Consumers will spend less because…wait for it…they have less money. In Montgomery county Maryland you can look up real estate transactions on the innertubes:
Two years ago a house on my row of townhouses went for 350,000K, which was incredible. Now, the townhouse next to me went for 175,000K – no more HELOC, no more spending
There are WAY too many people looking for clues into what will happen next by looking at the 2001 or 1990-91 recessions. This one will not be anything at all like either of those. Unemployment and lost output will be more similar to 1973-75 and 1980-82, but the similarities end there as those were inflationary recessions. I honestly don’t know what to expect. Judging by the behavior of the authorities, the similarities to 1990’s Japan are most striking, but even so, there are significant differences (savings rate, trade balance, institutions/culture).
Man, I was feeling fine until I read the article and all these comments! Good thing my office is on the first floor(for Europeans that’s the ground floor, just kidding). Nobody seems to agree what will happen next year, if it will be Armageddon or just a severe recession. I’m depressed!
If the current high level layoffs keep occuring then the two income family is in trouble and it woun’t take long for the banking idustry to reprice credit risk for sectors getting hit. The idea that the American consumer can forge ahead and maintain high levels of durable good consumption keeping Germany,china,South Korea and Japan in the black while pushing up GDP at home is a joke.. a bad joke
Somewhat off topic:
I am certainly glad that the developed nations of the world are going to cooperate to solve the cross border financial debacle. If this isn’t a trade war, what would one look like? Does this mean the ‘strong dollar policy’ is dead. :)
‘China to Print Money to Combat Slowdown’
‘China will increase its money supply by 17 percent next year, the Cabinet said in a statement on its Web site. It said that would be 3 to 4 percentage points above the total growth of economic output and consumer prices.’

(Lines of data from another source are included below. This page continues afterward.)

lemma continuous_map_chart: "continuous_map (subtopology X U) euclideanreal h"
  using homeomorphic_imp_continuous_map[OF chart] continuous_map_in_subtopology by blast

lemma openin_chart_preimage: "openin X {y \<in> U. h y \<in> {a<..<b}}"
proof -
  have "openin (subtopology X U) {y \<in> topspace (subtopology X U). h y \<in> {a<..<b}}"
    using openin_continuous_map_preimage[OF continuous_map_chart, of "{a<..<b}"] by simp
  then show ?thesis
    using openin_trans_full openin_U by simp
qed

lemma closedin_chart_preimage:
  assumes "0 < a" "b < 1"
  shows "closedin X {y \<in> U. h y \<in> {a..b}}"
proof -
  let ?K = "{y \<in> U. h y \<in> {a..b}}"
  have "h ` ?K = {a..b}"
    using chart_image assms by fastforce
  moreover have "{a..b} \<subseteq> {0<..<1}"
    using assms by auto
  then have "compactin (top_of_set {0<..<1}) {a..b}"
    by (simp add: compactin_subtopology)
  ultimately have "compactin (subtopology X U) ?K"
    using homeomorphic_map_compactness_eq[OF chart, of ?K] by auto
  then show ?thesis
    using compactin_imp_closedin Hausdorff_X compactin_subtopology by blast
qed

lemma continuous_on_chart_comp:
  assumes "F ` S \<subseteq> U"
  shows "continuous_on S (h \<circ> F)"
proof -
  have "continuous_map (top_of_set S) (subtopology X U) F"
    using assms continuous_map_from_subtopology[OF continuous_F]
    by (intro continuous_map_into_subtopology) auto
  then have "continuous_map (top_of_set S) euclideanreal (h \<circ> F)"
    using continuous_map_compose continuous_map_chart by blast
  then show ?thesis
    by simp
qed

lemma chart_IVT:
  assumes "c \<le> d" "F ` {c..d} \<subseteq> U" "p \<in> U" "h p \<in> closed_segment (h (F c)) (h (F d))"
  shows "p \<in> F ` {c..d}"
proof -
  have "connected ((h \<circ> F) ` {c..d})"
    by (intro connected_continuous_image continuous_on_chart_comp assms(2) connected_Icc)
  then have "convex ((h \<circ> F) ` {c..d})"
    by (simp only: connected_convex_1)
  moreover have "h (F c) \<in> (h \<circ> F) ` {c..d}" "h (F d) \<in> (h \<circ> F) ` {c..d}"
    using assms(1) by (auto intro!: rev_image_eqI)
  ultimately have "closed_segment (h (F c)) (h (F d)) \<subseteq> (h \<circ> F) ` {c..d}"
    by (intro closed_segment_subset)
  then obtain z where z: "z \<in> {c..d}" "h p = h (F z)"
    using assms(4) by (metis comp_apply imageE subsetD)
  moreover have "F z \<in> U"
    using z assms(2) by blast
  ultimately have "p = F z"
    using inj_on_chart assms(3) by (simp add: inj_on_eq_iff)
  then show ?thesis
    using z by blast
qed

definition band_excursion :: "real \<Rightarrow> real \<Rightarrow> real \<Rightarrow> real \<Rightarrow> bool" where
  "band_excursion a b l r \<longleftrightarrow> l < r \<and> r \<le> l + 1 \<and> F ` {l..r} \<subseteq> U \<and>
     (h \<circ> F) ` {l<..<r} \<subseteq> {a<..<b} \<and> h (F l) \<in> {a, b} \<and> h (F r) \<in> {a, b}"

lemma band_excursionD:
  assumes "band_excursion a b l r"
  shows "l < r" "r \<le> l + 1" "F ` {l..r} \<subseteq> U" "h (F l) \<in> {a, b}" "h (F r) \<in> {a, b}"
    and "t \<in> {l<..<r} \<Longrightarrow> h (F t) \<in> {a<..<b}"
  using assms unfolding band_excursion_def by (simp_all add: image_subset_iff)
lemma distrib_fun_blockwise:
  assumes \<P>: "equal_packing M p X \<P>" "0 \<le> p" and u: "u \<in> borel_measurable M"
  shows "distrib_fun M (blockwise M \<P> a u) s =
    emeasure M ({x \<in> space M. ennreal s < u x} - \<Union>\<P>) + of_nat (card {P \<in> \<P>. ennreal s < a P}) * ennreal p"
proof -
  define \<Q> where "\<Q> = {P \<in> \<P>. ennreal s < a P}"
  have fin: "finite \<P>" "disjoint \<P>" "\<P> \<subseteq> sets M"
    using \<P>(1) unfolding equal_packing_def by auto
  have "emeasure M (({x \<in> space M. ennreal s < u x} - \<Union>\<P>) \<union> \<Union>\<Q>) =
      emeasure M ({x \<in> space M. ennreal s < u x} - \<Union>\<P>) + emeasure M (\<Union>\<Q>)"
  proof (rule plus_emeasure[symmetric])
    have "{x \<in> space M. ennreal s < u x} \<in> sets M"
      using u by measurable
    then show "{x \<in> space M. ennreal s < u x} - \<Union>\<P> \<in> sets M"
      using fin by (intro sets.Diff sets.finite_Union) auto
    show "\<Union>\<Q> \<in> sets M"
      using fin unfolding \<Q>_def by (intro sets.finite_Union) auto
  qed (auto simp: \<Q>_def)
  moreover have "emeasure M (\<Union>\<Q>) = of_nat (card \<Q>) * ennreal p"
    unfolding \<Q>_def by (intro equal_packing_emeasure_Union[OF equal_packing_subset[OF \<P>(1)] \<P>(2)]) auto
  ultimately show ?thesis
    unfolding distrib_fun_def superlevel_set_blockwise[OF fin] \<Q>_def by simp
qed
(* The following hold. (1) $\alpha_*(\Sigma^* )=\mathcal Q$ and $\alpha_{\le\omega}(\Sigma^{\le\omega})=\mathcal C$ (top elements are preserved); $\alpha_*(\emptyset)=\emptyset$ and $\alpha_{\le\omega}(\emptyset)=\emptyset$. (2) For $U,U'\subseteq\Sigma^*$ and $V,V'\subseteq\Sigma^{\le\omega}$: $\alpha_*(U\cup U')=\alpha_*(U)\cup\alpha_*(U')$ and $\alpha_{\le\omega}(V\cup V')=\alpha_{\le\omega}(V)\cup\alpha_{\le\omega}(V')$. (3) $\alpha_*(U\cdot U')=\alpha_*(U)\cdot\alpha_*(U')$ and $\alpha_{\le\omega}(U\cdot V)=\alpha_*(U)\cdot\alpha_{\le\omega}(V)$. (4) If $n\ge1$, $\Phi$ is a monotone operator on $\mathcal P(\Sigma^* )^n$, $F$ is a monotone operator on $\mathcal M_*^n$, and $\alpha_*\circ\Phi=F\circ\alpha_*$ (with $\alpha_*$ applied componentwise), then $\alpha_*(\mathrm{lfp}(\Phi))=\mathrm{lfp}(F)$. (5) For every $U\subseteq\Sigma^*$: $\alpha_{\le\omega}(U^\omega)=\alpha_*(U)^\omega$.
   Context: $\Sigma$ is a finite alphabet, $\Sigma^{\le\omega}=\Sigma^*\cup\Sigma^\omega$; concatenation $w\cdot u$ equals $wu$ if $w$ is finite and $w$ if $w$ is infinite, extended pointwise to languages. For $A\subseteq\Sigma^*$, $A^\omega$ is the set of all words $w_0w_1w_2\cdots$ with $w_i\in A$, and $CD^\omega$ means $C\cdot D^\omega$. Fix an extended Büchi automaton $\mathfrak A=(Q,\Sigma,\delta,q_0,F)$ (finite states, $\delta:Q\times\Sigma\to\mathcal P(Q)$, initial $q_0$, final $F$). For $w\in\Sigma^*$ write $p\overset{w}{\leadsto}q$ if $q$ is reachable from $p$ reading $w$, and $p\overset{w}{\leadsto}_F q$ if there are $q''\in F$, $w=uv$ with $p\overset{u}{\leadsto}q''\overset{v}{\leadsto}q$. For $w,u\in\Sigma^+$, $w\sim u$ iff for all $p,q$: $p\overset{w}{\leadsto}q\Leftrightarrow p\overset{u}{\leadsto}q$ and $p\overset{w}{\leadsto}_Fq\Leftrightarrow p\overset{u}{\leadsto}_Fq$. $\mathcal Q=\Sigma^+/{\sim}\uplus\{[\epsilon]\}$ with $[\epsilon]=\{\epsilon\}$; concatenation of classes is well defined. Let $\mathcal C=\{(C,D)\mid C,D\in\mathcal Q,\ CD=C,\ DD=D\}$. Define $\mathfrak f(V)=\{(C,D)\in\mathcal C\mid CD^\omega\cap V\neq\emptyset\}$ and $\mathfrak g(\mathcal V)=\bigcup_{(C,D)\in\mathcal V}CD^\omega$; closure $\mathfrak c(\mathcal V)=\bigcup_{n\ge1}(\mathfrak f\circ\mathfrak g)^n(\mathcal V)$. $\mathcal M_{\le\omega}=\{\mathfrak c(\mathfrak f(V))\mid V\subseteq\Sigma^{\le\omega}\}$, $\mathcal M_*=\mathcal P(\mathcal Q)$, ordered by inclusion. $\alpha_*(U)=\{C\in\mathcal Q\mid C\cap U\neq\emptyset\}$, $\alpha_{\le\omega}(V)=\mathfrak c(\mathfrak f(V))$, $\gamma_*(\mathcal U)=\bigcup_{C\in\mathcal U}C$, $\gamma_{\le\omega}(\mathcal V)=\mathfrak g(\mathcal V)$. Abstract operations: for $\mathcal U,\mathcal U'\in\mathcal M_*$, $\mathcal U\cdot\mathcal U'=\{CC'\mid C\in\mathcal U,C'\in\mathcal U'\}$; for $\mathcal U\in\mathcal M_*$, $\mathcal V\in\mathcal M_{\le\omega}$, $\mathcal U\cdot\mathcal V=\{(AC,D)\mid A\in\mathcal U,(C,D)\in\mathcal V\}$; for $\mathcal U\in\mathcal M_*$, $\mathcal U^\omega:=\alpha_{\le\omega}(\gamma_*(\mathcal U)^\omega)$. *)

theory Defs
  imports Main
begin

datatype 'a fiword = FinW "'a list" | InfW "nat \<Rightarrow> 'a"

fun wcat :: "'a fiword \<Rightarrow> 'a fiword \<Rightarrow> 'a fiword" where
  "wcat (FinW u) (FinW v) = FinW (u @ v)"
| "wcat (FinW u) (InfW x) = InfW (\<lambda>k. if k < length u then u ! k else x (k - length u))"
| "wcat (InfW x) _ = InfW x"

definition lmul :: "'a list set \<Rightarrow> 'a list set \<Rightarrow> 'a list set" where
  "lmul U U' = {u @ v | u v. u \<in> U \<and> v \<in> U'}"

definition lconc :: "'a list set \<Rightarrow> 'a fiword set \<Rightarrow> 'a fiword set" where
  "lconc U V = {wcat (FinW u) v | u v. u \<in> U \<and> v \<in> V}"

definition pconc :: "(nat \<Rightarrow> 'a list) \<Rightarrow> nat \<Rightarrow> 'a list" where
  "pconc ws n = concat (map ws [0..<n])"

definition inf_concat :: "(nat \<Rightarrow> 'a list) \<Rightarrow> 'a fiword" where
  "inf_concat ws =
     (if \<exists>n. \<forall>i\<ge>n. ws i = []
      then FinW (pconc ws (LEAST n. \<forall>i\<ge>n. ws i = []))
      else InfW (\<lambda>k. pconc ws (LEAST n. k < length (pconc ws n)) ! k))"

definition omega_pow :: "'a list set \<Rightarrow> 'a fiword set" where
  "omega_pow A = {inf_concat ws | ws. \<forall>i. ws i \<in> A}"

fun steps :: "('s \<Rightarrow> 'a \<Rightarrow> 's set) \<Rightarrow> 's \<Rightarrow> 'a list \<Rightarrow> 's set" where
  "steps d p [] = {p}"
| "steps d p (a # w) = (\<Union>q\<in>d p a. steps d q w)"

definition reach :: "('s \<Rightarrow> 'a \<Rightarrow> 's set) \<Rightarrow> 's \<Rightarrow> 'a list \<Rightarrow> 's \<Rightarrow> bool" where
  "reach d p w q \<longleftrightarrow> q \<in> steps d p w"

definition reachF :: "('s \<Rightarrow> 'a \<Rightarrow> 's set) \<Rightarrow> 's set \<Rightarrow> 's \<Rightarrow> 'a list \<Rightarrow> 's \<Rightarrow> bool" where
  "reachF d Fs p w q \<longleftrightarrow>
     (\<exists>u v q''. w = u @ v \<and> q'' \<in> Fs \<and> reach d p u q'' \<and> reach d q'' v q)"

definition sim :: "('s \<Rightarrow> 'a \<Rightarrow> 's set) \<Rightarrow> 's set \<Rightarrow> 'a list \<Rightarrow> 'a list \<Rightarrow> bool" where
  "sim d Fs w u \<longleftrightarrow>
     (\<forall>p q. (reach d p w q \<longleftrightarrow> reach d p u q) \<and> (reachF d Fs p w q \<longleftrightarrow> reachF d Fs p u q))"

definition cls :: "('s \<Rightarrow> 'a \<Rightarrow> 's set) \<Rightarrow> 's set \<Rightarrow> 'a list \<Rightarrow> 'a list set" where
  "cls d Fs w = (if w = [] then {[]} else {u. u \<noteq> [] \<and> sim d Fs w u})"

definition Qc :: "('s \<Rightarrow> 'a \<Rightarrow> 's set) \<Rightarrow> 's set \<Rightarrow> 'a list set set" where
  "Qc d Fs = range (cls d Fs)"

text \<open>Concatenation of classes (well defined: the class of uv for representatives u, v).\<close>
definition cmul :: "('s \<Rightarrow> 'a \<Rightarrow> 's set) \<Rightarrow> 's set \<Rightarrow> 'a list set \<Rightarrow> 'a list set \<Rightarrow> 'a list set" where
  "cmul d Fs C D = cls d Fs ((SOME u. u \<in> C) @ (SOME v. v \<in> D))"

definition Cpairs :: "('s \<Rightarrow> 'a \<Rightarrow> 's set) \<Rightarrow> 's set \<Rightarrow> ('a list set \<times> 'a list set) set" where
  "Cpairs d Fs = {(C, D). C \<in> Qc d Fs \<and> D \<in> Qc d Fs \<and> cmul d Fs C D = C \<and> cmul d Fs D D = D}"

definition ff :: "('s \<Rightarrow> 'a \<Rightarrow> 's set) \<Rightarrow> 's set \<Rightarrow> 'a fiword set \<Rightarrow> ('a list set \<times> 'a list set) set" where
  "ff d Fs V = {(C, D) \<in> Cpairs d Fs. lconc C (omega_pow D) \<inter> V \<noteq> {}}"

definition gg :: "('a list set \<times> 'a list set) set \<Rightarrow> 'a fiword set" where
  "gg \<V> = (\<Union>(C, D)\<in>\<V>. lconc C (omega_pow D))"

‘Beggar Thy Neighbor tactics are a hallmark of deflationary times. When and how this madness ends no one knows.’
Thanks to Mish…
Hi Lineup32. It looks as if China is gearing up to sell stuff cheaper than ever. Even if we are all unemployed maybe we can still get plastic Chinese crap for a buck at the Dollar Store.
This is going to get crazy. Every producing country is racing to get their currency to the bottom first. Maybe prices on imports will go negative and stores will pay consumers to take it home? Send in the cupon from the carton and the producer will send a check in the mail? :)
Aint globalization great?
Man, it took these economist a year to finally admit an L shaped recession. I remember last time this year people are talking about a V, then a W, then a U, and finally we got the L. Frankly I think most investors know their shit better than the economists.